---------- DATA UNDER STUDY
(* For $|q|<1$ and nonzero complex $x,y,u,v$, $$\begin{aligned}&4qxyuv[-q^2x^2,-q^2y^2,-q^2u^2,-q^2v^2;q^2]_\infty+4q^{1/2}xy[-q^2x^2,-q^2y^2,-qu^2,-qv^2;q^2]_\infty\\&\quad+4q^{1/2}uv[-qx^2,-qy^2,-q^2u^2,-q^2v^2;q^2]_\infty+4[-qx^2,-qy^2,-qu^2,-qv^2;q^2]_\infty\\&=\frac{(q^{1/2};q^{1/2})_\infty^4}{(q^2;q^2)_\infty^4}\Big([-q^{1/4}x,-q^{1/4}y,-q^{1/4}u,-q^{1/4}v;q^{1/2}]_\infty+[q^{1/4}x,q^{1/4}y,-q^{1/4}u,-q^{1/4}v;q^{1/2}]_\infty\\&\qquad+[-q^{1/4}x,-q^{1/4}y,q^{1/4}u,q^{1/4}v;q^{1/2}]_\infty+[q^{1/4}x,q^{1/4}y,q^{1/4}u,q^{1/4}v;q^{1/2}]_\infty\Big).\end{aligned}$$
   Context: $(z;p)_\infty=\prod_{k\ge0}(1-zp^k)$, $[z;p]_\infty=(z;p)_\infty(p/z;p)_\infty$, and $[z_1,\dots,z_n;p]_\infty=\prod_j[z_j;p]_\infty$. Fractional powers of $q$ are fixed consistently (e.g. $q^{1/4}$ any fixed fourth root, $q^{1/2}=(q^{1/4})^2$). *)

theory Defs
  imports "HOL-Analysis.Analysis"
begin

definition qpoch :: "complex \<Rightarrow> complex \<Rightarrow> complex" where
  "qpoch z p = (\<Prod>k. (1 - z * p ^ k))"

definition qtheta :: "complex \<Rightarrow> complex \<Rightarrow> complex" where
  "qtheta z p = qpoch z p * qpoch (p / z) p"

definition qthetas :: "complex list \<Rightarrow> complex \<Rightarrow> complex" where
  "qthetas zs p = prod_list (map (\<lambda>z. qtheta z p) zs)"

end

theory Submission
  imports Defs
begin

text \<open>Write a = q^(1/4). By the Jacobi triple product, (a^2;a^2)_inf [-a x;a^2]_inf is the bilateral
series sum_k a^(k^2) x^k. Splitting it by the parity of k gives
  (a^2;a^2)_inf [-+a x;a^2]_inf = (q^2;q^2)_inf (E x +- a x C x),
  E z = [-q z^2;q^2]_inf,  C z = [-q^2 z^2;q^2]_inf.
Summing over the four sign patterns on the right-hand side cancels everything odd in (x,y) or in (u,w),
leaving 4 (E x E y + a^2 x y C x C y) (E u E w + a^2 u w C u C w), which expands to the left-hand side.
The triple product itself is the limit of its finite form, a consequence of Cauchy's q-binomial theorem;
Tannery's theorem justifies the termwise passage to the limit.\<close>

definition qfact :: "complex \<Rightarrow> nat \<Rightarrow> complex" where
  "qfact q n = (\<Prod>i<n. 1 - q ^ Suc i)"
(* Let $P = u_1;\ldots;u_k$ ($k\ge 1$) be any PGLD program whose basic instructions are of the form $f.m$ with $f\in\mathrm{Foci}$, $m\in\mathrm{Meth}$. Let $t_P$ be the molecular dynamics state reached from the initial state $t_{\mathrm{init}}$ by executing the PGA program $\mathrm{pgldmd}(P)$, i.e. by applying $\mathrm{eff}$ successively for the methods of its instructions in order. Then $$|P|_{\mathrm{PGLD}} = \tau_{\mathrm{tau}}\big(|I| /_{\mathsf{md}} \mathrm{MDS}_{t_P}\big).$$
   Context: Threads. Let $A$ be a set of basic actions, $\tau\notin A$. Threads are built from $\mathsf S$ (termination), $\mathsf D$ (deadlock) and postconditional composition $x\unlhd a\unrhd y$ for $a\in A\cup\{\tau\}$ (perform $a$, then continue as $x$ if the reply is true, as $y$ if false); $a\circ x$ abbreviates $x\unlhd a\unrhd x$, and $x\unlhd\tau\unrhd y=\tau\circ x$. Threads are taken in the projective limit model: projections are $\pi_0(x)=\mathsf D$, $\pi_{n+1}(\mathsf S)=\mathsf S$, $\pi_{n+1}(\mathsf D)=\mathsf D$, $\pi_{n+1}(x\unlhd a\unrhd y)=\pi_n(x)\unlhd a\unrhd\pi_n(y)$; two threads are equal iff all their projections are equal; every guarded system of recursion equations has a unique solution. PGA. A PGA program is a finite, or eventually periodic infinite, sequence $v_1v_2\ldots$ (written with $;$ and $Y^\omega=Y;Y;\ldots$) of primitive instructions: basic instruction $a$, positive test $+a$, negative test $-a$, forward jump $\#l$ ($l\in\mathbb N$), termination $!$. Its behaviour $|X|$ is $T_1$ where: $T_i=\mathsf D$ if $i$ exceeds the length; if $v_i=a$ then $T_i=a\circ T_{i+1}$; if $v_i=+a$ then $T_i=T_{i+1}\unlhd a\unrhd T_{i+2}$; if $v_i=-a$ then $T_i=T_{i+2}\unlhd a\unrhd T_{i+1}$; if $v_i=\#l$ then $T_i=T_{i+l}$ for $l>0$ and $T_i=\mathsf D$ for $l=0$; if $v_i=!$ then $T_i=\mathsf S$; and $T_i=\mathsf D$ whenever the chain of jumps starting at position $i$ is infinite. PGLD. A PGLD program $u_1;\ldots;u_k$ consists of instructions $a$, $+a$, $-a$ (as in PGA) and absolute jumps $\#\#l$ ($l\in\mathbb N$). Its behaviour is $|P|_{\mathrm{PGLD}}=|(\psi_1(u_1);\ldots;\psi_k(u_k);!;!)^\omega|$ where $\psi_j(\#\#l)=\#(l-j)$ if $j\le l\le k$, $\psi_j(\#\#l)=\#(k+2-(j-l))$ if $0<l<j$, $\psi_j(\#\#l)=!$ if $l=0$ or $l>k$, and $\psi_j(u)=u$ for non-jump $u$. Molecular dynamics. Fix a finite set $\mathrm{Spot}$ of spots with a total order $\le$; finite disjoint sets $\mathrm{Foci}$ (foci) and $\mathrm{Meth}$ (methods) with $\mathrm{Foci},\mathrm{Meth}\subseteq\mathrm{Spot}$; a finite set $\mathrm{Field}$ containing distinct fields $\mathsf{stop},\mathsf{ajmp},\mathsf{focus},\mathsf{method},\mathsf{pos},\mathsf{neg}$; an infinite countable set $\mathrm{PAtom}$ of proto-atoms, $\bot\notin\mathrm{PAtom}$, with a bijection $\mathrm{proatom}:\mathbb N_{\ge1}\to\mathrm{PAtom}$. The basic actions are $f.m$ ($f\in\mathrm{Foci},m\in\mathrm{Meth}$) and $\mathsf{md}.m$ for the molecular dynamics methods $m$ below, where $\mathsf{md}$ is a focus name not in $\mathrm{Foci}$. A state is $\uparrow$ or a pair $\langle\sigma,\alpha\rangle$ with $\sigma:\mathrm{Spot}\to\mathrm{PAtom}\cup\{\bot\}$, $\alpha$ a map from a finite set $\mathrm{dom}(\alpha)\subseteq\mathrm{PAtom}$ (the atoms) assigning to each atom $a$ a map $\alpha(a)$ from a finite set of fields to $\mathrm{PAtom}\cup\{\bot\}$, with all values of $\sigma$ and of each $\alpha(a)$ in $\mathrm{dom}(\alpha)\cup\{\bot\}$. $t_{\mathrm{init}}$ is the state with $\mathrm{dom}(\alpha)=\emptyset$ (so $\sigma\equiv\bot$). For each method $m$ and state $t$ there is a new state $\mathrm{eff}(m,t)$ and a yield $\mathrm{yld}(m,t)\in\{T,F,M,B\}$; unless stated, the state is unchanged. In state $\langle\sigma,\alpha\rangle$ (with $s,s'\in\mathrm{Spot}$, $v\in\mathrm{Field}$; "$v$ is a field of $s$" means $\sigma(s)\ne\bot$ and $v\in\mathrm{dom}(\alpha(\sigma(s)))$): $\mathsf{create}(s)$: with $a=\mathrm{proatom}(n+1)$, $n=\max\{n' : \mathrm{proatom}(n')\in\mathrm{dom}(\alpha)\}$ ($\max\emptyset=0$), set $\sigma(s):=a$, add atom $a$ with no fields; yield $T$. $\mathsf{setspot}(s,s')$: $\sigma(s):=\sigma(s')$; $T$. $\mathsf{clearspot}(s)$: $\sigma(s):=\bot$; $T$. $\mathsf{equal}(s,s')$: yield $T$ iff $\sigma(s)=\sigma(s')$, else $F$. $\mathsf{undef}(s)$: $T$ iff $\sigma(s)=\bot$, else $F$. $\mathsf{addfield}(s,v)$: if $\sigma(s)\ne\bot$ and $v$ is not a field of $s$, add field $v$ with content $\bot$ to atom $\sigma(s)$, yield $T$; else $F$. $\mathsf{rmvfield}(s,v)$: if $v$ is a field of $s$, remove it, $T$; else $F$. $\mathsf{hasfield}(s,v)$: $T$ iff $v$ is a field of $s$, else $F$. $\mathsf{setfield}(s,v,s')$: if $v$ is a field of $s$, set $\alpha(\sigma(s))(v):=\sigma(s')$, $T$; else $F$. $\mathsf{getfield}(s,s',v)$: if $v$ is a field of $s'$, set $\sigma(s):=\alpha(\sigma(s'))(v)$, $T$; else $F$. $\mathsf{genact}(s,s')$: if $\sigma(s)\ne\bot$, $\sigma(s')\ne\bot$, some $f'\in\mathrm{Foci}$ has $\sigma(f')=\sigma(s)$ and some $m'\in\mathrm{Meth}$ has $\sigma(m')=\sigma(s')$: state unchanged, yield $M$, and the action is transformed into $f.m$ with $f$ the $\le$-least such $f'$ and $m$ the $\le$-least such $m'$; otherwise yield $B$ and new state $\uparrow$. In state $\uparrow$ every method yields $B$ and leads to $\uparrow$. $\mathrm{MDS}_t$ denotes the service in state $t$. Use operator. For a thread $p$ and state $t$, $p/_{\mathsf{md}}\mathrm{MDS}_t$ is determined by: $\mathsf S/\ldots=\mathsf S$; $\mathsf D/\ldots=\mathsf D$; $(\tau\circ x)/_{\mathsf{md}}\mathrm{MDS}_t=\tau\circ(x/_{\mathsf{md}}\mathrm{MDS}_t)$; $(x\unlhd g.m\unrhd y)/_{\mathsf{md}}\mathrm{MDS}_t=(x/_{\mathsf{md}}\mathrm{MDS}_t)\unlhd g.m\unrhd(y/_{\mathsf{md}}\mathrm{MDS}_t)$ for $g\ne\mathsf{md}$; for $a=\mathsf{md}.m$ and $t'=\mathrm{eff}(m,t)$: $(x\unlhd a\unrhd y)/_{\mathsf{md}}\mathrm{MDS}_t$ equals $\tau\circ(x/_{\mathsf{md}}\mathrm{MDS}_{t'})$ if the yield is $T$, $\tau\circ(y/_{\mathsf{md}}\mathrm{MDS}_{t'})$ if $F$, $(x\unlhd f.m'\unrhd y)/_{\mathsf{md}}\mathrm{MDS}_{t'}$ if $M$ with transformed action $f.m'$, and $\mathsf D$ if $B$; for infinite $p$, $\pi_n(p/_{\mathsf{md}}H)=\pi_n(\pi_n(p)/_{\mathsf{md}}H)$. Abstraction. $\tau_{\mathrm{tau}}(p)=\mathsf D$ if $p$ starts with infinitely many $\tau$'s; otherwise $\tau_{\mathrm{tau}}(\mathsf S)=\mathsf S$, $\tau_{\mathrm{tau}}(\mathsf D)=\mathsf D$, $\tau_{\mathrm{tau}}(\tau\circ x)=\tau_{\mathrm{tau}}(x)$, $\tau_{\mathrm{tau}}(x\unlhd a\unrhd y)=\tau_{\mathrm{tau}}(x)\unlhd a\unrhd\tau_{\mathrm{tau}}(y)$ for $a\ne\tau$. Representation. Fix pairwise distinct spots $s,u,v,s_1,\ldots,s_{k+2}\in\mathrm{Spot}\setminus(\mathrm{Foci}\cup\mathrm{Meth})$. In the PGA programs below every instruction has focus $\mathsf{md}$ (omitted). For $P=u_1;\ldots;u_k$ with distinct occurring foci $f_1,\ldots,f_n$ and distinct occurring methods $m_1,\ldots,m_{n'}$: $\mathrm{pgldmd}(P)=\mathsf{create}(f_1);\ldots;\mathsf{create}(f_n);\mathsf{create}(m_1);\ldots;\mathsf{create}(m_{n'});\mathsf{create}(s_1);\ldots;\mathsf{create}(s_{k+2});\rho_1(u_1);\ldots;\rho_k(u_k);\mathsf{addfield}(s_{k+1},\mathsf{stop});\mathsf{addfield}(s_{k+2},\mathsf{stop});\mathsf{setspot}(s,s_1);!$, where for $u_j\in\{f.m,+f.m,-f.m\}$, $\rho_j(u_j)=\mathsf{addfield}(s_j,\mathsf{focus});\mathsf{addfield}(s_j,\mathsf{method});\mathsf{addfield}(s_j,\mathsf{pos});\mathsf{addfield}(s_j,\mathsf{neg});\mathsf{setfield}(s_j,\mathsf{focus},f);\mathsf{setfield}(s_j,\mathsf{method},m);\mathsf{setfield}(s_j,\mathsf{pos},s_{p});\mathsf{setfield}(s_j,\mathsf{neg},s_{q})$ with $(p,q)=(j+1,j+1)$ for $f.m$, $(j+1,j+2)$ for $+f.m$, $(j+2,j+1)$ for $-f.m$; $\rho_j(\#\#l)=\mathsf{addfield}(s_j,\mathsf{ajmp});\mathsf{setfield}(s_j,\mathsf{ajmp},s_l)$ if $1\le l\le k$, and $\rho_j(\#\#l)=\mathsf{addfield}(s_j,\mathsf{stop})$ otherwise. Interpreter. $I=(+\mathsf{hasfield}(s,\mathsf{stop});!;+\mathsf{hasfield}(s,\mathsf{ajmp});\#9;\mathsf{getfield}(u,s,\mathsf{focus});\mathsf{getfield}(v,s,\mathsf{method});+\mathsf{genact}(u,v);\#3;\mathsf{getfield}(s,s,\mathsf{neg});\#4;\mathsf{getfield}(s,s,\mathsf{pos});\#2;\mathsf{getfield}(s,s,\mathsf{ajmp}))^\omega$, all instructions with focus $\mathsf{md}$. *)

theory Defs
  imports Main
begin

section \<open>Threads (projective limit model)\<close>

text \<open>Finite threads over basic actions 'a. The postconditional composition
  with the silent action tau is always of the form tau o x, represented by TauP.\<close>
datatype 'a fthr = S | D | Post "'a fthr" 'a "'a fthr" | TauP "'a fthr"

fun proj :: "nat \<Rightarrow> 'a fthr \<Rightarrow> 'a fthr" where
  "proj 0 _ = D"
| "proj (Suc n) S = S"
| "proj (Suc n) D = D"
| "proj (Suc n) (Post x a y) = Post (proj n x) a (proj n y)"
| "proj (Suc n) (TauP x) = TauP (proj n x)"

text \<open>A thread of the projective limit model is represented by its sequence of
  projections p n = pi_n(thread). Two threads are equal iff all projections are
  equal, i.e. iff the sequences are equal.\<close>
type_synonym 'a thread = "nat \<Rightarrow> 'a fthr"

section \<open>PGA\<close>

datatype 'a pga_instr = Basic 'a | Pos 'a | Neg 'a | Jmp nat | Halt

text \<open>A PGA program is (xs, ys): the finite program xs if ys = [], and the
  eventually periodic program xs; ys^omega otherwise.\<close>
type_synonym 'a pga = "'a pga_instr list \<times> 'a pga_instr list"

definition instr_at :: "'a pga \<Rightarrow> nat \<Rightarrow> 'a pga_instr option" where
  "instr_at X i = (case X of (xs, ys) \<Rightarrow>
     if i = 0 then None
     else if i \<le> length xs then Some (xs ! (i - 1))
     else if ys = [] then None
     else Some (ys ! ((i - 1 - length xs) mod length ys)))"

definition fwd_jump :: "'a pga \<Rightarrow> nat \<Rightarrow> bool" where
  "fwd_jump X i = (\<exists>l>0. instr_at X i = Some (Jmp l))"

definition jnext :: "'a pga \<Rightarrow> nat \<Rightarrow> nat" where
  "jnext X i = (case instr_at X i of Some (Jmp l) \<Rightarrow> i + l | _ \<Rightarrow> i)"
lemma summable_sqrt_coeff: "summable sqrt_coeff"
  using summable_abs_sqrt_coeff summable_rabs_cancel by blast

lemma suminf_sqrt_coeff_nonneg: "0 \<le> suminf sqrt_coeff"
proof -
  have "(\<lambda>n. \<Sum>k<n. sqrt_coeff k) \<longlonglongrightarrow> suminf sqrt_coeff"
    using summable_sqrt_coeff by (rule summable_LIMSEQ)
  moreover have "0 \<le> (\<Sum>k<n. sqrt_coeff k)" for n
    by (cases n) (auto simp: sum_sqrt_coeff sqrt_coeff_sum_pos less_imp_le simp del: sum.lessThan_Suc)
  ultimately show ?thesis by (intro LIMSEQ_le_const) auto
qed

text \<open>The Cauchy square of the series is \<open>1 - t\<close>; this is Vandermonde's identity.\<close>

lemma sqrt_coeff_convolution:
  "(\<Sum>i\<le>k. sqrt_coeff i * sqrt_coeff (k - i)) = (if k = 0 then 1 else if k = 1 then -1 else 0)"
proof -
  have "(\<Sum>i\<le>k. sqrt_coeff i * sqrt_coeff (k - i))
      = (\<Sum>i\<le>k. (-1)^k * (((1/2::real) gchoose i) * ((1/2) gchoose (k - i))))"
    by (intro sum.cong refl) (simp add: sqrt_coeff_def power_add[symmetric])
  also have "\<dots> = (-1)^k * (\<Sum>i=0..k. ((1/2::real) gchoose i) * ((1/2) gchoose (k - i)))"
    by (simp add: sum_distrib_left atLeast0AtMost)
  also have "\<dots> = (-1)^k * ((1::real) gchoose k)"
    using gbinomial_Vandermonde[of "1/2::real" "1/2" k] by simp
  also have "(1::real) gchoose k = real (1 choose k)"
    using binomial_gbinomial[of 1 k, where 'a=real] by simp
  finally show ?thesis
    by (cases k) (auto simp: binomial_eq_0)
qed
--------------------
**EXERCISE INSTRUCTIONS:** Where in the entries above does the word "section" appear? Copy each line that has it.

**OUTPUT FOR THIS TASK:**
section \<open>Threads (projective limit model)\<close>
section \<open>PGA\<close>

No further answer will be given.